I was not as clear as I should have been about the "performance" I'm worried about. It's not the raw Mb/sec rate, and I surely do not expect 3.0 (or even 1.5) Gbps disk speeds, but the fact that any heavy disk activity involving writes causes the system to lockup is my problem. I was only mentioning the 1.5 vs 3.0 because the drive is supposed to be 3.0 and perhaps it was indicative of a bigger problem.

The performance issue is that disk reads, mouse clicks, etc do not register until the disk activity is finished (on that one drive only), writing data is especially at fault for causing this.

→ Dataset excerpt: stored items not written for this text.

(* Let $E$ be a finite-dimensional real vector space, $E_0\subseteq E$ a real subspace, $p:E^*\to E_0^*$ the restriction map, and $\mu$ a tempered positive Borel measure on $E^*$ such that $\mu_0:=p_*\mu$ is also tempered. Then $\operatorname{supp}(\operatorname{Im}\tilde\mu_0)\subseteq\operatorname{supp}(\operatorname{Im}\tilde\mu)$, where $E_0$ is regarded as a subset of $E$.
   Context: For a tempered measure $\nu$ on the dual $F^*$ of a finite-dimensional real vector space $F$, $\tilde\nu$ is the tempered distribution on $F$ given by $\tilde\nu(\phi)=\int_{F^*}\widetilde{\overline\phi}\,d\nu$, $\tilde\psi(\lambda)=\int_Fe^{i\lambda(x)}\psi(x)dx$; $\operatorname{Im}\tilde\nu$ is the distribution with $(\operatorname{Im}\tilde\nu)(\phi)=\operatorname{Im}(\tilde\nu(\phi))$ for real-valued test functions $\phi$. *)

theory Defs
  imports "HOL-Analysis.Analysis"
begin

text \<open>A finite-dimensional real vector space F is a type of class
euclidean_space; its dual F* is identified with F itself via the inner product
(the functional lambda acts by x maps to lambda \<bullet> x). Lebesgue measure lborel
plays the role of dx (any Haar measure; supports do not depend on the normalisation).\<close>

fun C_k :: "nat \<Rightarrow> ('a::euclidean_space \<Rightarrow> real) \<Rightarrow> bool" where
  "C_k 0 f = continuous_on UNIV f"
| "C_k (Suc k) f = (f differentiable_on UNIV \<and>
      (\<forall>v. C_k k (\<lambda>x. frechet_derivative f (at x) v)))"

definition smooth :: "('a::euclidean_space \<Rightarrow> real) \<Rightarrow> bool" where
  "smooth f \<longleftrightarrow> (\<forall>k. C_k k f)"

definition tsupport :: "('a::euclidean_space \<Rightarrow> real) \<Rightarrow> 'a set" where
  "tsupport f = closure {x. f x \<noteq> 0}"

definition test_function :: "('a::euclidean_space \<Rightarrow> real) \<Rightarrow> bool" where
  "test_function f \<longleftrightarrow> smooth f \<and> compact (tsupport f)"

definition dist_support :: "(('a::euclidean_space \<Rightarrow> real) \<Rightarrow> real) \<Rightarrow> 'a set" where
  "dist_support T = UNIV - \<Union>{U. open U \<and>
      (\<forall>\<phi>. test_function \<phi> \<and> tsupport \<phi> \<subseteq> U \<longrightarrow> T \<phi> = 0)}"

definition tempered_measure :: "'a::euclidean_space measure \<Rightarrow> bool" where
  "tempered_measure M \<longleftrightarrow> sets M = sets borel \<and>
     (\<exists>N::nat. (\<integral>\<^sup>+ \<xi>. ennreal (1 / (1 + norm \<xi>) ^ N) \<partial>M) < \<infinity>)"

definition fourier :: "('a::euclidean_space \<Rightarrow> complex) \<Rightarrow> 'a \<Rightarrow> complex" where
  "fourier \<psi> \<xi> = (LINT x|lborel. exp (\<i> * complex_of_real (\<xi> \<bullet> x)) * \<psi> x)"

definition meas_tilde :: "'a::euclidean_space measure \<Rightarrow> ('a \<Rightarrow> complex) \<Rightarrow> complex" where
  "meas_tilde \<nu> \<phi> = (LINT \<xi>|\<nu>. fourier (\<lambda>x. cnj (\<phi> x)) \<xi>)"

definition Im_tilde :: "'a::euclidean_space measure \<Rightarrow> ('a \<Rightarrow> real) \<Rightarrow> real" where
  "Im_tilde \<nu> \<phi> = Im (meas_tilde \<nu> (\<lambda>x. complex_of_real (\<phi> x)))"

end

theory Submission
  imports Defs "HOL-Computational_Algebra.Polynomial" "HOL-Probability.Characteristic_Functions"
begin

text \<open>Let \<open>j : E\<^sub>0 \<rightarrow> E\<close> be the inclusion, so that \<open>p = adjoint j\<close>. Suppose \<open>Im \<mu>~\<close> vanishes
  on an open neighbourhood \<open>U\<close> of \<open>j y\<close>, and let \<open>\<phi>\<close> be a test function on \<open>E\<^sub>0\<close> supported
  in \<open>j -` U\<close>. Convolving the push-forward of \<open>\<phi> x dx\<close> under \<open>j\<close> with a mollifier \<open>\<rho>\<^sub>r\<close>
  gives test functions \<open>\<psi>\<^sub>r\<close> on \<open>E\<close>, supported in \<open>U\<close> for small \<open>r\<close>, whose Fourier transforms
  are \<open>\<psi>\<^sub>r~(\<xi>) = \<phi>~(p \<xi>) \<rho>\<^sub>r~(\<xi>)\<close>. As \<open>r \<rightarrow> 0\<close>, \<open>\<rho>\<^sub>r~ \<rightarrow> 1\<close> boundedly, so by dominated
  convergence \<open>\<mu>~(\<psi>\<^sub>r) \<rightarrow> \<mu>\<^sub>0~(\<phi>)\<close>; hence \<open>Im \<mu>\<^sub>0~(\<phi>) = 0\<close>, and \<open>y\<close> lies outside the
  support of \<open>Im \<mu>\<^sub>0~\<close>.\<close>

subsection \<open>Smooth functions and test functions\<close>

lemma frechet_derivative_apply:
  "(f has_derivative f') (at x) \<Longrightarrow> frechet_derivative f (at x) v = f' v"
  by (metis frechet_derivative_at)

lemma linear_imp_continuous_on:
  "linear (j :: 'a::euclidean_space \<Rightarrow> 'b::real_normed_vector) \<Longrightarrow> continuous_on S j"
  by (simp add: linear_conv_bounded_linear linear_continuous_on)

lemma C_k_imp_continuous_on: "C_k k f \<Longrightarrow> continuous_on UNIV f"
  by (cases k) (auto intro: differentiable_imp_continuous_on)

lemma C_k_SucD: "C_k (Suc k) f \<Longrightarrow> C_k k f"
  by (induction k arbitrary: f) (auto intro: differentiable_imp_continuous_on)

lemma smooth_coinduct:
  assumes "P f"
    and step: "\<And>f. P f \<Longrightarrow>
      f differentiable_on UNIV \<and> (\<forall>v. P (\<lambda>x. frechet_derivative f (at x) v))"
  shows "smooth f"
proof -
  have "\<forall>f. P f \<longrightarrow> C_k k f" for k
    using step by (induction k) (auto intro: differentiable_imp_continuous_on)
  then show ?thesis
    using assms(1) unfolding smooth_def by blast
qed

lemma smooth_imp_continuous_on: "smooth f \<Longrightarrow> continuous_on UNIV f"
  unfolding smooth_def using C_k_imp_continuous_on by blast

lemma smooth_imp_differentiable_on: "smooth f \<Longrightarrow> f differentiable_on UNIV"
  unfolding smooth_def using C_k.simps(2) by blast

lemma smooth_frechet_derivative: "smooth f \<Longrightarrow> smooth (\<lambda>x. frechet_derivative f (at x) v)"
  unfolding smooth_def using C_k.simps(2) by blast

lemma has_derivative_frechet_derivative:
  "f differentiable_on UNIV \<Longrightarrow> (f has_derivative frechet_derivative f (at x)) (at x)"
  by (auto simp: differentiable_on_def frechet_derivative_works[symmetric])

lemma C_k_const: "C_k k (\<lambda>x. c)"
  by (induction k arbitrary: c) simp_all

lemma C_k_add: "C_k k f \<Longrightarrow> C_k k g \<Longrightarrow> C_k k (\<lambda>x. f x + g x)"
proof (induction k arbitrary: f g)
  case 0
  then show ?case by (auto intro: continuous_intros)
next
  case (Suc k)
  have df: "f differentiable_on UNIV" and dg: "g differentiable_on UNIV"
    using Suc.prems by auto
  have "(\<lambda>x. frechet_derivative (\<lambda>x. f x + g x) (at x) v) =
      (\<lambda>x. frechet_derivative f (at x) v + frechet_derivative g (at x) v)" for v
    using has_derivative_add[OF has_derivative_frechet_derivative[OF df]
        has_derivative_frechet_derivative[OF dg]]
    by (auto dest: frechet_derivative_apply)
  then show ?case
    using Suc df dg by (auto intro: differentiable_on_add)
qed
(* Let $\mathscr{X},\mathscr{Y},\mathscr{Z}$ be real Banach spaces with duals $\mathscr{X}^*,\mathscr{Y}^*,\mathscr{Z}^*$, let $A:\mathscr{X}\to\mathscr{Y}$, $B:\mathscr{X}\to\mathscr{Z}$ be bounded linear operators with adjoints $A^*,B^*$, let $\mathbf{y}_0\in\mathscr{Y}$, $\rho>0$, and $p,p'\in(1,+\infty)$ with $1/p+1/p'=1$. Suppose $\hat{\mathbf{x}}\in\mathscr{X}$ satisfies $$(\|\mathbf{y}_0-A\hat{\mathbf{x}}\|^p_{\mathscr{Y}}+\rho\|B\hat{\mathbf{x}}\|^p_{\mathscr{Z}})^{1/p}=\inf\{(\|\mathbf{y}_0-A\mathbf{x}\|^p_{\mathscr{Y}}+\rho\|B\mathbf{x}\|^p_{\mathscr{Z}})^{1/p}:\mathbf{x}\in\mathscr{X}\}>0,$$ and $(\hat\lambda,\hat\mu)\in\mathscr{Y}^*\times\mathscr{Z}^*$ satisfies $(\|\hat\lambda\|^{p'}_{\mathscr{Y}^*}+\|\hat\mu\|^{p'}_{\mathscr{Z}^*})^{1/p'}=1$, $A^*\hat\lambda+\rho^{1/p}B^*\hat\mu=0$ and $$\langle\mathbf{y}_0,\hat\lambda\rangle_{\mathscr{Y}}=\sup\{|\langle\mathbf{y}_0,\lambda\rangle_{\mathscr{Y}}|:\ (\|\lambda\|^{p'}_{\mathscr{Y}^*}+\|\mu\|^{p'}_{\mathscr{Z}^*})^{1/p'}\le1,\ A^*\lambda+\rho^{1/p}B^*\mu=0\}>0.$$ Then: 1. If $\hat\mu=0$, then $B\hat{\mathbf{x}}=0$ and $\|\mathbf{y}_0-A\hat{\mathbf{x}}\|_{\mathscr{Y}}=\langle\mathbf{y}_0,\hat\lambda\rangle_{\mathscr{Y}}$. 2. If $\hat\lambda\neq0$ and $\hat\mu\ne0$, then $\mathbf{y}_0-A\hat{\mathbf{x}}\ne0$, $B\hat{\mathbf{x}}\neq0$, $\alpha(\mathbf{y}_0-A\hat{\mathbf{x}})$ is norming for $\hat\lambda$ and $\beta B\hat{\mathbf{x}}$ is norming for $\hat\mu$, where $\alpha:=(1+\|\hat\mu\|^{p'}_{\mathscr{Z}^*}/\|\hat\lambda\|^{p'}_{\mathscr{Y}^*})^{1/p}/\langle\mathbf{y}_0,\hat\lambda\rangle_{\mathscr{Y}}$ and $\beta:=-\rho^{1/p}(1+\|\hat\lambda\|^{p'}_{\mathscr{Y}^*}/\|\hat\mu\|^{p'}_{\mathscr{Z}^*})^{1/p}/\langle\mathbf{y}_0,\hat\lambda\rangle_{\mathscr{Y}}$.
   Context: $\langle\mathbf{y},\lambda\rangle_{\mathscr{Y}}:=\lambda(\mathbf{y})$. For $\lambda\in\mathscr{Y}^*$, a vector $\mathbf{y}\in\mathscr{Y}$ is norming for $\lambda$ if $\|\mathbf{y}\|_{\mathscr{Y}}=1$ and $\langle\mathbf{y},\lambda\rangle_{\mathscr{Y}}=\|\lambda\|_{\mathscr{Y}^*}$; similarly for $\mathscr{Z}$. *)

theory Defs
  imports "HOL-Analysis.Analysis"
begin

(* The dual of a real normed space Y is the type of bounded linear functionals Y =>L real, with the operator norm. *)

definition dual_pair :: "'a::real_normed_vector \<Rightarrow> ('a \<Rightarrow>\<^sub>L real) \<Rightarrow> real" where
  "dual_pair y l = blinfun_apply l y"
(* Suppose that for all positive integers $s,t,k$ with $st \le k^2$ one has $R(s,t) \le R(k,k)$. Suppose moreover that the limit $\lim_{k \to \infty} \frac{\log(R(k,k))}{k}$ exists and equals $\mathcal{L}$. Then \[ f(n) = \big(\mathcal{L}^2 + o(1)\big)\frac{n}{(\log n)^2}, \] that is, $\lim_{n\to\infty} \frac{(\log n)^2}{n} f(n) = \mathcal{L}^2$.
   Context: All logarithms are in base 2. For positive integers $s,t$, the Ramsey number $R(s,t)$ is the minimum $n$ such that every red/blue edge-coloring of the complete graph $K_n$ contains a red clique on $s$ vertices or a blue clique on $t$ vertices. For a graph $G$, $\chi(G)$ is its chromatic number and $\omega(G)$ its clique number. For $n \in \mathbb{N}$, $f(n)$ is the maximum of $\chi(G)/\omega(G)$ over all graphs $G$ on $n$ vertices. Here $o(1)$ denotes a quantity tending to $0$ as $n \to \infty$. *)

theory Defs
  imports Complex_Main
begin

definition ramsey_number :: "nat \<Rightarrow> nat \<Rightarrow> nat" where
  "ramsey_number s t = (LEAST n. \<forall>c :: nat \<Rightarrow> nat \<Rightarrow> bool. (\<forall>x y. c x y = c y x) \<longrightarrow>
      (\<exists>S. S \<subseteq> {0..<n} \<and> card S = s \<and> (\<forall>x\<in>S. \<forall>y\<in>S. x \<noteq> y \<longrightarrow> c x y)) \<or>
      (\<exists>S. S \<subseteq> {0..<n} \<and> card S = t \<and> (\<forall>x\<in>S. \<forall>y\<in>S. x \<noteq> y \<longrightarrow> \<not> c x y)))"

definition graph_on :: "nat \<Rightarrow> (nat \<times> nat) set \<Rightarrow> bool" where
  "graph_on n E \<longleftrightarrow> E \<subseteq> {0..<n} \<times> {0..<n} \<and> sym E \<and> irrefl E"

definition clique_in :: "nat \<Rightarrow> (nat \<times> nat) set \<Rightarrow> nat set \<Rightarrow> bool" where
  "clique_in n E S \<longleftrightarrow> S \<subseteq> {0..<n} \<and> (\<forall>x\<in>S. \<forall>y\<in>S. x \<noteq> y \<longrightarrow> (x, y) \<in> E)"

During this time, the "wa" (I/O wait) time in "top" is at 99-100%. On my old slow computer, which was using old IDE drives and a $30 motherboard, I was able to do heavy disk activities without any noticeable impact, but which seemingly bring the new system to its knees.

As far as the cables, it has always been my understanding that labeling of cables as "sata ii" or "300MB/sec" are just a marketing ploy (usually to go along with locking and/or angled connectors), and that a sata cable is a sata cable is a sata cable. I have no expert knowledge to prove that, though, so I could have been misled by the information I found on Google that day. Anyway, I am using identical cables for all of the drives... however, I've got a different set I will try when I get a chance. It can't hurt to try!

Thanks for the suggestions. I appreciate your help!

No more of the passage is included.